Она имела в виду идущего скорым шагом Кручиню. Женские посиделки его мало заинтересовали, но поздоровался:
– Здравствуйте. А не видели…
– А ее здесь нет, – мгновенно взъерошилась Зоря. – И ее Наталья зовут, если не знаете. А друга ее, фашистского прихвостня, полицая, – Петром. Всю оккупацию под ручку и прогуляли…
Кручиня, как ни торопился, внимательно посмотрел на девушку. Покивал, принимая информацию, но ничего не ответил и исчез – чьи-то поиски ему показались важнее. Стеша развернула Зорю к себе:
– Ну-ка, рассказывай, что знаешь! При чем здесь полицай и Наталья?!

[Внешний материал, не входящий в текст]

lemma stit_first_cut_density_le:
  assumes A: "compact A" and z: "compact z" and s: "0 \<le> s" "s \<le> t"
  shows "stit_first_cut_density A (stit_avoid_bound A) z t s q
    \<le> ennreal (exp (- Lam z * s) / pi * exp (- Lam (A \<inter> z) * (t - s))) *
       indicator (hitting z - hitting (A \<inter> z)) q"
proof (cases "q \<in> hitting z \<and> stit_line (fst q) (snd q) \<inter> z \<inter> A = {}")
  case False
  then show ?thesis by (auto simp: stit_first_cut_density_def indicator_def)
next
  case True
  obtain \<theta> p where q: "q = (\<theta>, p)" by force
  let ?zl = "z \<inter> stit_lower \<theta> p" and ?zu = "z \<inter> stit_upper \<theta> p"
  have zl: "compact ?zl" and zu: "compact ?zu"
    using z by (auto intro: compact_Int_closed closed_stit_lower closed_stit_upper)
  have split: "Lam (A \<inter> z) \<le> Lam (A \<inter> ?zl) + Lam (A \<inter> ?zu)"
    using Lam_split_le[of "A \<inter> z" \<theta> p] A z by (simp add: compact_Int Int_assoc)
  have "exp (- Lam (A \<inter> ?zl) * (t - s)) * exp (- Lam (A \<inter> ?zu) * (t - s))
      \<le> exp (- Lam (A \<inter> z) * (t - s))"
    using s mult_right_mono[OF split, of "t - s"] by (simp add: exp_add[symmetric] algebra_simps)
  then have "stit_avoid_bound A ?zl (t - s) * stit_avoid_bound A ?zu (t - s)
      \<le> ennreal (exp (- Lam (A \<inter> z) * (t - s)))"
    using zl zu s by (simp add: stit_avoid_bound_def ennreal_mult'[symmetric] ennreal_leI)
  then have "ennreal (exp (- Lam z * s) / pi) *
      (stit_avoid_bound A ?zl (t - s) * stit_avoid_bound A ?zu (t - s))
      \<le> ennreal (exp (- Lam z * s) / pi * exp (- Lam (A \<inter> z) * (t - s)))"
    by (subst ennreal_mult') (simp_all add: mult_left_mono)
  moreover have "q \<in> hitting z - hitting (A \<inter> z)"
    using True unfolding hitting_def by auto
  ultimately show ?thesis
    using True unfolding q stit_first_cut_density_def
    by (simp add: mult.assoc)
qed

lemma stit_first_cut_integral_le:
  assumes A: "compact A" and z: "compact z" and s: "0 \<le> s" "s \<le> t"
  shows "(\<integral>\<^sup>+ q. stit_first_cut_density A (stit_avoid_bound A) z t s q \<partial>lborel)
    \<le> ennreal ((Lam z - Lam (A \<inter> z)) * exp (- Lam (A \<inter> z) * t - (Lam z - Lam (A \<inter> z)) * s))"
proof -
  let ?D = "hitting z - hitting (A \<inter> z)"
  let ?c = "exp (- Lam z * s) / pi * exp (- Lam (A \<inter> z) * (t - s))"
  have Az: "compact (A \<inter> z)"
    using A z by (simp add: compact_Int)
  have D: "?D \<in> fmeasurable lborel"
    using hitting_fmeasurable[OF z] hitting_fmeasurable[OF Az] by (rule fmeasurable.Diff)
  have "measure lborel ?D = pi * (Lam z - Lam (A \<inter> z))"
    using hitting_fmeasurable[OF z] hitting_fmeasurable[OF Az] hitting_mono[of "A \<inter> z" z]
    by (subst measure_Diff) (auto simp: fmeasurable_def Lam_def right_diff_distrib)
  then have measure_D: "emeasure lborel ?D = ennreal (pi * (Lam z - Lam (A \<inter> z)))"
    using emeasure_eq_measure2[OF D] by simp
  have "(\<integral>\<^sup>+ q. stit_first_cut_density A (stit_avoid_bound A) z t s q \<partial>lborel)
      \<le> (\<integral>\<^sup>+ q. ennreal ?c * indicator ?D q \<partial>lborel)"
    by (intro nn_integral_mono stit_first_cut_density_le[OF A z s])
  also have "\<dots> = ennreal ?c * emeasure lborel ?D"
    using D by (intro nn_integral_cmult_indicator) (auto simp: fmeasurable_def)
  also have "\<dots> = ennreal ((Lam z - Lam (A \<inter> z)) * exp (- Lam (A \<inter> z) * t - (Lam z - Lam (A \<inter> z)) * s))"
    using Lam_mono[OF Az z] unfolding measure_D
    by (simp add: ennreal_mult'[symmetric] mult_exp_exp field_simps)
  finally show ?thesis .
qed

– А ни при чем, – злобно усмехнулась Зоря. Что-то из недавнего прошлого, связанного с Натальей, не давало ей спокойно жить. – И она сама – ни при чем.
– Э, девка, давай-ка рассказывай, – вновь развернула к себе девчонку Стеша. – Все говорят, что Наталья работала на немца по заданию партизан.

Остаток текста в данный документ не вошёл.